Cyber insurance policies generally provide higher limits to address the potentially catastrophic costs of major data breaches or extended business interruptions. The expenses associated with cyber incidents can quickly escalate, including forensic investigations, legal fees, regulatory fines, customer notification costs, and lost business income. Companies should consider their data sensitivity, customer base size, and operational dependence on technology when determining appropriate coverage limits.

The scenarios described are offered only as examples. Coverage depends on the actual facts of each case and the terms, conditions and exclusions of each individual policy. Anyone interested in the above product(s) should request a copy of the standard form of policy for a description of the scope and limitations of coverage.

What types of crime insurance are available?

Crime insurance protects against financial losses from dishonest acts and fraud. The main types include coverage for employee theft and embezzlement, forgery of company checks or documents, computer fraud involving unauthorized access to systems, and funds transfer fraud such as fraudulent wire transfers. These policies focus on traditional forms of fraud and theft, whether committed by employees or external parties, and are particularly relevant for businesses that handle frequent financial transactions or have employees with access to company funds.

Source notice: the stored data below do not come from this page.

(* Let $\overline X$ be a triangle-free, square-free simplicial graph no connected component of which is a single vertex, and let $X$ be the blowup of $\overline X$ with respect to non-empty graphs $\{L_v\}$. Let $\Sigma,\Delta$ be non-maximal simplices of $X$. Then there exist (possibly empty or maximal) simplices $\Pi,\Psi$ of $X$ with $\Sigma\subseteq\Pi$ such that $\mathrm{Lk}(\Sigma)\cap\mathrm{Lk}(\Delta)=\mathrm{Lk}(\Pi)\star\Psi$.
   Context: Graphs are simplicial; a simplex is a (possibly empty) clique. For a simplex $\Delta$, $\mathrm{Lk}(\Delta)$ is the subgraph spanned by vertices not in $\Delta$ adjacent to every vertex of $\Delta$ ($\mathrm{Lk}(\emptyset)=X$). $\star$ denotes join. Blowup: $X$ is obtained from $\overline X$ by replacing each vertex $v$ by $\mathrm{Squid}(v)$, the star with centre $v$ and leaf set $L_v^{(0)}$ (no edges among leaves). For $\overline X$-adjacent $v,w$, every vertex of $\mathrm{Squid}(v)$ is adjacent to every vertex of $\mathrm{Squid}(w)$; there are no other edges. *)

theory Defs
  imports Main
begin

type_synonym 'a graph = "'a set \<times> ('a \<Rightarrow> 'a \<Rightarrow> bool)"

definition simplicial_graph :: "'a set \<Rightarrow> ('a \<Rightarrow> 'a \<Rightarrow> bool) \<Rightarrow> bool" where
  "simplicial_graph V E \<longleftrightarrow>
     (\<forall>x y. E x y \<longrightarrow> x \<in> V \<and> y \<in> V) \<and>
     (\<forall>x y. E x y \<longrightarrow> E y x) \<and> (\<forall>x. \<not> E x x)"

definition triangle_free :: "'a set \<Rightarrow> ('a \<Rightarrow> 'a \<Rightarrow> bool) \<Rightarrow> bool" where
  "triangle_free V E \<longleftrightarrow>
     \<not> (\<exists>a\<in>V. \<exists>b\<in>V. \<exists>c\<in>V. E a b \<and> E b c \<and> E c a)"
(* Let $A$ be an alphabet of size $k$ with $k>1$, and suppose $L\subseteq A^*$ is $n$-PT. Then the canonical (minimal) DFA for $L$ has at most $m$ states, where $\log m = k\left(\frac{n+2k-3}{k-1}\right)^{k-1}\log n\,\log k$, with $\log$ denoting the logarithm to base $2$. Thus, for fixed $k$, the number of states of the canonical DFA of $L$ is in $2^{O(n^{k-1}\log n)}$ where $n=h(L)$.
   Context: For $n\in\mathbb{N}$, $u\sim_n v$ iff $u$ and $v$ have exactly the same (scattered) subwords of length at most $n$. A language $L\subseteq A^*$ is $n$-PT if it is a union of $\sim_n$-classes; $h(L)$ is the least $n$ such that $L$ is $n$-PT. *)

theory Defs
  imports Complex_Main "HOL-Library.Sublist"
begin

definition subwords_upto :: "nat \<Rightarrow> 'a list \<Rightarrow> 'a list set" where
  "subwords_upto n u = {v. subseq v u \<and> length v \<le> n}"

definition simon_eq :: "nat \<Rightarrow> 'a list \<Rightarrow> 'a list \<Rightarrow> bool" where
  "simon_eq n u v \<longleftrightarrow> subwords_upto n u = subwords_upto n v"

definition n_PT :: "'a set \<Rightarrow> nat \<Rightarrow> 'a list set \<Rightarrow> bool" where
  "n_PT A n L \<longleftrightarrow> L \<subseteq> lists A \<and>
     (\<forall>u\<in>lists A. \<forall>v\<in>lists A. simon_eq n u v \<longrightarrow> (u \<in> L \<longleftrightarrow> v \<in> L))"

definition left_quot :: "'a set \<Rightarrow> 'a list \<Rightarrow> 'a list set \<Rightarrow> 'a list set" where
  "left_quot A u L = {w \<in> lists A. u @ w \<in> L}"

text \<open>States of the canonical (minimal, complete) DFA of L over A: the set of
  left quotients u^{-1}L, u \<in> A*.\<close>
definition canonical_dfa_states :: "'a set \<Rightarrow> 'a list set \<Rightarrow> 'a list set set" where
  "canonical_dfa_states A L = {left_quot A u L | u. u \<in> lists A}"

end

theory Submission
  imports Defs
begin

text \<open>Call a word \<open>r\<close>-universal if it contains every word of length \<open>r\<close> over \<open>A\<close> as a
  subword. If \<open>u\<close> has universality index \<open>m \<ge> 1\<close>, its arch factorisation \<open>u = x a v\<close>
  (\<open>x\<close> contains every letter but \<open>a\<close>) has \<open>v\<close> of index \<open>m - 1\<close>, and because universal
  neighbours absorb long subwords, the \<open>\<sim>\<^sub>p\<close>-class of \<open>u\<close> is determined by \<open>a\<close>, the
  \<open>\<sim>\<^bsub>p-m+1\<^esub>\<close>-class of \<open>x\<close> over the alphabet \<open>A - {a}\<close> and the \<open>\<sim>\<^bsub>p-1\<^esub>\<close>-class of \<open>v\<close>.
  This yields a recursion in the alphabet size for the number of \<open>\<sim>\<^sub>p\<close>-classes, which a
  weighted AM-GM inequality solves to \<open>2\<^sup>E\<close> with \<open>E\<close> the exponent of the theorem. Since
  an \<open>n\<close>-PT language is saturated by the right congruence \<open>\<sim>\<^sub>n\<close>, its left quotients are
  indexed by \<open>\<sim>\<^sub>n\<close>-classes.\<close>

section \<open>Universal words\<close>

definition universal :: "'a set \<Rightarrow> nat \<Rightarrow> 'a list \<Rightarrow> bool" where
  "universal A r y \<longleftrightarrow> (\<forall>w\<in>lists A. length w \<le> r \<longrightarrow> subseq w y)"

lemma subseq_set_subset: "subseq xs ys \<Longrightarrow> set xs \<subseteq> set ys"
  by (auto elim: list_emb_set)

lemma universal_0 [simp]: "universal A 0 y"
  by (simp add: universal_def)

lemma universal_append_left: "universal A m v \<Longrightarrow> universal A m (t @ v)"
  by (simp add: universal_def subseq_drop_many)

lemma universal_Suc_imp_subset_set: "universal A (Suc m) u \<Longrightarrow> A \<subseteq> set u"
proof
  fix c assume "universal A (Suc m) u" "c \<in> A"
  then have "subseq [c] u" unfolding universal_def by simp
  then show "c \<in> set u" by (simp add: subseq_singleton_left)
qed

lemma not_universal_1:
  assumes "\<not> universal A 1 u" "u \<in> lists A"
  shows "\<exists>b\<in>A. u \<in> lists (A - {b})"
proof -
  obtain w where w: "w \<in> lists A" "length w \<le> 1" "\<not> subseq w u"
    using assms(1) unfolding universal_def by auto
  then obtain b where "w = [b]" by (cases w) auto
  then show ?thesis using w assms(2) by (auto simp: subseq_singleton_left)
qed

lemma arch_factorization:
  assumes "A \<noteq> {}" "A \<subseteq> set u"
  shows "\<exists>x a v. u = x @ a # v \<and> a \<notin> set x \<and> A \<subseteq> insert a (set x)"
  using assms(2)
proof (induction u rule: rev_induct)
  case Nil then show ?case using assms(1) by auto
next
  case (snoc c u)
  show ?case
  proof (cases "A \<subseteq> set u")
    case True
    then obtain x a v where "u = x @ a # v" "a \<notin> set x" "A \<subseteq> insert a (set x)"
      using snoc.IH by blast
    then show ?thesis by (intro exI[of _ x] exI[of _ a] exI[of _ "v @ [c]"]) auto
  next
    case False
    then show ?thesis using snoc.prems by (intro exI[of _ u] exI[of _ c] exI[of _ "[]"]) auto
  qed
qed

lemma universal_arch_iff:
  assumes "a \<in> A" "a \<notin> set x" "A \<subseteq> insert a (set x)"
  shows "universal A (Suc m) (x @ a # v) \<longleftrightarrow> universal A m v"
proof
  assume univ: "universal A (Suc m) (x @ a # v)"
  show "universal A m v"
    unfolding universal_def
  proof (intro ballI impI)
    fix w assume "w \<in> lists A" "length w \<le> m"
    then have "subseq (a # w) (x @ a # v)" using univ assms(1) unfolding universal_def by simp
    then obtain w1 w2 where w: "a # w = w1 @ w2" "subseq w1 x" "subseq w2 (a # v)"
      by (auto elim: subseq_appendE)
    have "w1 = []"
      using w(1) subseq_set_subset[OF w(2)] assms(2) by (cases w1) auto
    then show "subseq w v" using w by (metis append_Nil subseq_Cons2')
  qed
next
  assume univ: "universal A m v"
  show "universal A (Suc m) (x @ a # v)"
    unfolding universal_def
  proof (intro ballI impI)
    fix w assume w: "w \<in> lists A" "length w \<le> Suc m"
    show "subseq w (x @ a # v)"
    proof (cases w)
      case Nil then show ?thesis by simp
    next
      case (Cons c w')
      then have "subseq [c] (x @ [a])" using w assms(3) by (auto simp: subseq_singleton_left)
      moreover have "subseq w' v" using univ w Cons unfolding universal_def by simp
      ultimately have "subseq ([c] @ w') ((x @ [a]) @ v)" by (rule list_emb_append_mono)
      then show ?thesis using Cons by simp
    qed
  qed
qed

text \<open>The index of \<open>u\<close> truncated at \<open>p\<close>: \<open>m = min p (max {r. universal A r u})\<close>.\<close>

definition universality_index :: "'a set \<Rightarrow> nat \<Rightarrow> 'a list \<Rightarrow> nat \<Rightarrow> bool" where
  "universality_index A p u m \<longleftrightarrow> universal A m u \<and> (m = p \<or> \<not> universal A (Suc m) u)"

lemma universality_index_exists: "\<exists>m\<le>p. universality_index A p u m"
proof (induction p)
  case 0 then show ?case by (simp add: universality_index_def)
next
  case (Suc p)
  then obtain m where m: "m \<le> p" "universality_index A p u m" by blast
  show ?case
  proof (cases "m = p \<and> universal A (Suc p) u")
    case True then show ?thesis by (auto simp: universality_index_def)
  next
    case False
    then show ?thesis using m by (intro exI[of _ m]) (auto simp: universality_index_def)
  qed
qed

section \<open>Simon's congruence\<close>

lemma simon_eq_refl [simp]: "simon_eq p u u"
  by (simp add: simon_eq_def)

lemma simon_eq_sym: "simon_eq p u v \<Longrightarrow> simon_eq p v u"
  by (simp add: simon_eq_def)

lemma simon_eq_trans: "simon_eq p u v \<Longrightarrow> simon_eq p v w \<Longrightarrow> simon_eq p u w"
  by (simp add: simon_eq_def)

lemma simon_eq_0 [simp]: "simon_eq 0 u v"
  by (auto simp: simon_eq_def subwords_upto_def)

lemma simon_eq_set:
  assumes "simon_eq q x x'" "0 < q"
  shows "set x = set x'"
proof -
  have "c \<in> set x \<longleftrightarrow> [c] \<in> subwords_upto q x" "c \<in> set x' \<longleftrightarrow> [c] \<in> subwords_upto q x'" for c
    using assms(2) by (simp_all add: subwords_upto_def subseq_singleton_left)
  then show ?thesis using assms(1) unfolding simon_eq_def by blast
qed

lemma subseq_append_universal_left:
  assumes "universal A r y" "w \<in> lists A" "subseq w (y @ t)"
  shows "\<exists>w1 w2. w = w1 @ w2 \<and> subseq w1 y \<and> subseq w2 t \<and> (r \<le> length w1 \<or> w2 = [])"
proof -
  obtain a b where ab: "w = a @ b" "subseq a y" "subseq b t"
    using assms(3) by (auto elim: subseq_appendE)
  consider "r \<le> length a" | "length w \<le> r" | "length a < r" "r < length w" by linarith
  then show ?thesis
  proof cases
    case 1 then show ?thesis using ab by blast
  next
    case 2
    then have "subseq w y" using assms(1,2) unfolding universal_def by blast
    then show ?thesis by (intro exI[of _ w] exI[of _ "[]"]) auto
  next
    case 3
    have "take r w \<in> lists A" using assms(2) by (auto dest: in_set_takeD)
    then have "subseq (take r w) y" using assms(1) unfolding universal_def by simp
    moreover have "subseq (drop r w) b"
      using 3 ab(1) by (simp add: suffix_imp_subseq suffix_drop)
    then have "subseq (drop r w) t" using ab(3) by (rule subseq_order.order_trans)
    ultimately show ?thesis using 3 by (intro exI[of _ "take r w"] exI[of _ "drop r w"]) auto
  qed
qed

lemma subseq_append_universal_right:
  assumes "universal A s z" "w \<in> lists A" "subseq w (t @ z)"
  shows "\<exists>w1 w2. w = w1 @ w2 \<and> subseq w1 t \<and> subseq w2 z \<and> (s \<le> length w2 \<or> w1 = [])"
proof -
  obtain a b where ab: "w = a @ b" "subseq a t" "subseq b z"
    using assms(3) by (auto elim: subseq_appendE)
  define i where "i = length w - s"
  consider "s \<le> length b" | "length w \<le> s" | "length b < s" "s < length w" by linarith
  then show ?thesis
  proof cases
    case 1 then show ?thesis using ab by blast
  next
    case 2
    then have "subseq w z" using assms(1,2) unfolding universal_def by blast
    then show ?thesis by (intro exI[of _ "[]"] exI[of _ w]) auto
  next
    case 3
    have "drop i w \<in> lists A" using assms(2) by (auto dest: in_set_dropD)
    then have "subseq (drop i w) z" using assms(1) unfolding universal_def i_def by simp
    moreover have "subseq (take i w) a"
      using 3 ab(1) unfolding i_def by (simp add: prefix_imp_subseq take_is_prefix)
    then have "subseq (take i w) t" using ab(2) by (rule subseq_order.order_trans)
    ultimately show ?thesis using 3
      by (intro exI[of _ "take i w"] exI[of _ "drop i w"]) (auto simp: i_def)
  qed
qed

text \<open>By the two lemmas above, a subword of \<open>y v z\<close> of length at most \<open>p\<close> embeds so that
  at most \<open>p - r - s\<close> of its letters fall into \<open>v\<close>.\<close>

lemma simon_eq_sandwich_subset:
  assumes "universal A r y" "universal A s z" "simon_eq q v v'" "p \<le> q + r + s"
    and "y @ v @ z \<in> lists A"
  shows "subwords_upto p (y @ v @ z) \<subseteq> subwords_upto p (y @ v' @ z)"
proof
  fix w assume "w \<in> subwords_upto p (y @ v @ z)"
  then have w: "subseq w (y @ v @ z)" "length w \<le> p" by (auto simp: subwords_upto_def)
  have wA: "w \<in> lists A" using subseq_set_subset[OF w(1)] assms(5) by auto
  obtain w1 w2 where w12: "w = w1 @ w2" "subseq w1 y" "subseq w2 (v @ z)" "r \<le> length w1 \<or> w2 = []"
    using subseq_append_universal_left[OF assms(1) wA w(1)] by blast
  have "subseq w2 (v' @ z)"
  proof (cases "w2 = []")
    case False
    then have r: "r \<le> length w1" using w12 by simp
    have "w2 \<in> lists A" using wA w12(1) by simp
    then obtain a b where ab: "w2 = a @ b" "subseq a v" "subseq b z" "s \<le> length b \<or> a = []"
      using subseq_append_universal_right[OF assms(2) _ w12(3)] by blast
    have "subseq a v'"
    proof (cases "a = []")
      case False
      then have "length a \<le> q" using ab w(2) w12(1) r assms(4) by simp
      then show ?thesis using ab(2) assms(3) by (auto simp: simon_eq_def subwords_upto_def)
    qed simp
    then show ?thesis using ab by (simp add: list_emb_append_mono)
  qed simp
  then have "subseq w (y @ v' @ z)" using w12 by (simp add: list_emb_append_mono)
  then show "w \<in> subwords_upto p (y @ v' @ z)" using w(2) by (simp add: subwords_upto_def)
qed

lemma simon_eq_sandwich:
  assumes "universal A r y" "universal A s z" "simon_eq q v v'" "p \<le> q + r + s"
    and "y @ v @ z \<in> lists A" "y @ v' @ z \<in> lists A"
  shows "simon_eq p (y @ v @ z) (y @ v' @ z)"
  using simon_eq_sandwich_subset[OF assms(1-5)]
    simon_eq_sandwich_subset[OF assms(1,2) simon_eq_sym[OF assms(3)] assms(4,6)]
  unfolding simon_eq_def by blast

lemma simon_eq_append_right:
  assumes "simon_eq n u v" "u @ w \<in> lists A" "v @ w \<in> lists A"
  shows "simon_eq n (u @ w) (v @ w)"
  using simon_eq_sandwich[of A 0 "[]" 0 w n u v n] assms by simp

lemma simon_eq_arch_replace:
  assumes "universal A m v" "m < p" "a \<in> A" "a \<notin> set x" "A \<subseteq> insert a (set x)"
    and "simon_eq (p - m) x x'" "simon_eq (p - 1) v v'"
    and "x @ a # v \<in> lists A" "x' \<in> lists A" "v' \<in> lists A"
  shows "simon_eq p (x @ a # v) (x' @ a # v')"
proof -
  have "universal A m ([a] @ v)" using assms(1) by (rule universal_append_left)
  then have "simon_eq p ([] @ x @ (a # v)) ([] @ x' @ (a # v))"
    using assms(2,3,8,9) by (intro simon_eq_sandwich[OF universal_0 _ assms(6)]) auto
  moreover have "set x' = set x"
    using simon_eq_set[OF assms(6)] assms(2) by simp
  then have "universal A 1 (x' @ [a])"
    using universal_arch_iff[of a A x' 0 "[]"] assms(3,4,5) by auto
  then have "simon_eq p ((x' @ [a]) @ v @ []) ((x' @ [a]) @ v' @ [])"
    using assms(2,3,8,9,10) by (intro simon_eq_sandwich[OF _ universal_0 assms(7)]) auto
  ultimately show ?thesis by (auto intro: simon_eq_trans)
qed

How much does commercial crime insurance cost?

Commercial crime insurance costs vary significantly based on factors such as business size, industry risk level, coverage limits selected, and the amount of financial exposure. Businesses with employees handling cash, processing payments, or managing financial accounts typically face higher premiums due to increased risk. The cost also depends on internal controls and security measures in place. While specific pricing varies by insurer and circumstances, businesses should balance premium costs against their maximum potential exposure from fraudulent acts when selecting coverage limits.

How much does cyber insurance cost?

Cyber insurance premiums depend on multiple factors including business size, industry type, data sensitivity, existing cybersecurity measures, coverage limits, and claims history. Companies that store large amounts of sensitive customer data, process online transactions, or have significant operational dependence on technology typically pay higher premiums. Businesses with robust cybersecurity protocols and employee training may qualify for lower rates. The cost has generally increased in recent years due to rising cyber threats, but the expense is often justified given the potentially catastrophic costs of major data breaches or ransomware attacks.

What does cyber insurance not cover?

Cyber insurance typically excludes certain types of losses and scenarios. Common exclusions include losses from unpatched software vulnerabilities when patches were available, damages from acts of war or terrorism, intellectual property theft, and losses from insider threats by employees with authorized access. Many policies also exclude coverage for ransomware payments in certain jurisdictions, losses from poor business decisions, and damages that occur outside the policy period. Additionally, coverage may be limited for businesses that fail to maintain reasonable cybersecurity standards or don't follow required security protocols.

Who needs cyber insurance?

Virtually every business today should consider cyber insurance, as most rely on digital systems and store electronic data. This coverage is essential for companies that store sensitive customer information, process online transactions, maintain customer databases, or could face significant operational disruption from cyberattacks. While tech companies face obvious risks, even small businesses using email or basic computer systems can incur substantial costs from data breach notifications and regulatory compliance requirements. Any business with an online presence or digital operations should evaluate their cyber risk exposure.